A Markov model (25, 26) was developed using the TreeAge Pro 2004 Suite program (Williamstown, MA, USA) to investigate the difference in costs and health benefits between two strategies of screening pregnant women for autoimmune thyroid disease and not screening (Fig. 1). We used a modified societal perspective and ran a lifetime analysis using a discount rate of 3%. We adhered to the recommendations of the Panel on Cost-Effectiveness in Health and Medicine (27). Only women with no known history of thyroid disease were included in the model. Three strategies were evaluated: 1) no screening, 2) screening with anti-TPO antibody, and 3) screening with TSH. Screening occurred once in the woman's lifetime, during the first trimester of pregnancy, at the age of 25 (mean age of mothers in their first pregnancy in the US) (15).
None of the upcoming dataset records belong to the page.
(* Consider the first-order system, for the state $\mathbb W=(\alpha_1,\alpha_1\rho_1,\alpha_2\rho_2,\alpha_1\rho_1u_1,\alpha_2\rho_2u_2,\alpha_1\rho_1s_1,\alpha_2\rho_2s_2,\alpha_1\rho_1\mathcal T_1,\alpha_2\rho_2\mathcal T_2)\in\Omega_{\mathbb W}$, $$\partial_t\mathbb W+\partial_x\mathbf g(\mathbb W)+\mathbf d(\mathbb W)\partial_x\mathbb W=0,$$ with $\mathbf g(\mathbb W)=(0,\alpha_1\rho_1u_1,\alpha_2\rho_2u_2,\alpha_1\rho_1u_1^2+\alpha_1\pi_1,\alpha_2\rho_2u_2^2+\alpha_2\pi_2,\alpha_1\rho_1s_1u_1,\alpha_2\rho_2s_2u_2,\alpha_1\rho_1\mathcal T_1u_1,\alpha_2\rho_2\mathcal T_2u_2)^T$ and $\mathbf d(\mathbb W)\partial_x\mathbb W=(u_2,0,0,-\pi_1,\pi_1,0,0,0,0)^T\partial_x\alpha_1$. For every $\mathbb W\in\Omega_{\mathbb W}$, the matrix $\mathbf g'(\mathbb W)+\mathbf d(\mathbb W)$ has the real eigenvalues $u_2$ (multiplicity 3), $u_1$ (multiplicity 2), $u_1\pm a_1\tau_1$, $u_2\pm a_2\tau_2$; all associated characteristic fields are linearly degenerate; and the right eigenvectors are linearly independent (span $\mathbb R^9$) if and only if $\alpha_1\neq0$, $\alpha_2\neq0$ and $|u_1-u_2|\neq a_1\tau_1$. Moreover every $C^1$ solution with values in $\Omega_{\mathbb W}$ satisfies, for $k=1,2$, $$\partial_t(\alpha_k\rho_k\mathcal E_k)+\partial_x(\alpha_k\rho_k\mathcal E_ku_k+\alpha_k\pi_ku_k)-u_2\pi_1\partial_x\alpha_k=0,$$ and hence $\partial_t\big(\sum_{k=1}^2\alpha_k\rho_k\mathcal E_k\big)+\partial_x\big(\sum_{k=1}^2(\alpha_k\rho_k\mathcal E_ku_k+\alpha_k\pi_ku_k)\big)=0$.
   Context: $\alpha_2=1-\alpha_1$, $\rho_k=(\alpha_k\rho_k)/\alpha_k$, $\tau_k=1/\rho_k$, $u_k,s_k,\mathcal T_k$ obtained by dividing the corresponding components by $\alpha_k\rho_k$. $\Omega_{\mathbb W}=\{\mathbb W\in\mathbb R^9:\ 0<\alpha_1<1,\ \alpha_k\rho_k>0,\ \alpha_k\rho_k\mathcal T_k>0,\ k=1,2\}$. $a_1,a_2>0$ are constants. For phase $k$, $e_k(\tau,s)$ is a $C^1$ internal energy and $\mathcal P_k(\tau,s)=-\partial_\tau e_k(\tau,s)$ (assumed $C^1$); $\pi_k=\mathcal P_k(\mathcal T_k,s_k)+a_k^2(\mathcal T_k-\tau_k)$ and $\mathcal E_k=\frac{u_k^2}{2}+e_k(\mathcal T_k,s_k)+\frac{\pi_k^2-\mathcal P_k(\mathcal T_k,s_k)^2}{2a_k^2}$. *)

theory Defs
  imports "HOL-Analysis.Analysis"
begin

text \<open>State vector W = (alpha_1, alpha_1 rho_1, alpha_2 rho_2, alpha_1 rho_1 u_1, alpha_2 rho_2 u_2,
  alpha_1 rho_1 s_1, alpha_2 rho_2 s_2, alpha_1 rho_1 T_1, alpha_2 rho_2 T_2) in real^9.
  Components are numbered 1..9; in the index type 9, the numeral 9 denotes the ninth
  (= last) index, which coincides with 0 and is distinct from 1..8.\<close>

definition vec9 :: "real \<Rightarrow> real \<Rightarrow> real \<Rightarrow> real \<Rightarrow> real \<Rightarrow> real \<Rightarrow> real \<Rightarrow> real \<Rightarrow> real \<Rightarrow> real^9" where
  "vec9 x1 x2 x3 x4 x5 x6 x7 x8 x9 = (\<chi> i. if i = 1 then x1 else if i = 2 then x2 else if i = 3 then x3
     else if i = 4 then x4 else if i = 5 then x5 else if i = 6 then x6 else if i = 7 then x7
     else if i = 8 then x8 else x9)"

definition alph :: "nat \<Rightarrow> real^9 \<Rightarrow> real" where
  "alph k W = (if k = 1 then W $ 1 else 1 - W $ 1)"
View larger version (12K): [in this window] [in a new window]   Figure 1 Simplified representation of the decision model to evaluate the cost-effectiveness of screening pregnant women with anti-TPO Ab or TSH versus not screening. The square on the left represents a choice between alternative screening strategies: screening women with anti-TPO Ab, screening with TSH, or not screening. Circles represent chance nodes. Patients who are screened with anti-TPO Ab can come back as either Ab positive or Ab negative; patients who are Ab positive are then tested for TSH, which can be determined to be either high or normal. Patients with high TSH have their FT4 tested, which can either be low or normal. All patients with high TSH are started on treatment with levothyroxine, which women can either be compliant with or not. Similarly, women who are screened with TSH can come back as testing high, midrange, or normal. If the TSH level is midrange, serum is tested for anti-TPO antibodies, and women with anti-TPO Ab positivity receive lifelong follow-up. All women are assessed for the development of gestational hypertension, missed diagnosis of PPT, and development of low IQ in their offspring. After screening, all women enter the Markov tree (Fig. 2), which represents the clinical events that can occur during each annual period as a woman is followed for her lifetime. The costs and utilities associated with the different screening strategies and the above outcomes were estimated and the incremental cost-effectiveness ratios (difference in cost/difference in QALYs) were calculated between the different strategies to determine their relative cost-effectiveness. Anti-TPO Ab, anti-thyroid peroxidase antibody; TSH, thyroid stimulating hormone, FT4, free thyroxine; Pos, positive; Neg, negative; Tx, treatment; PPT, postpartum thyroiditis; IQ, intelligence quotient; QALYs, quality-adjusted life years.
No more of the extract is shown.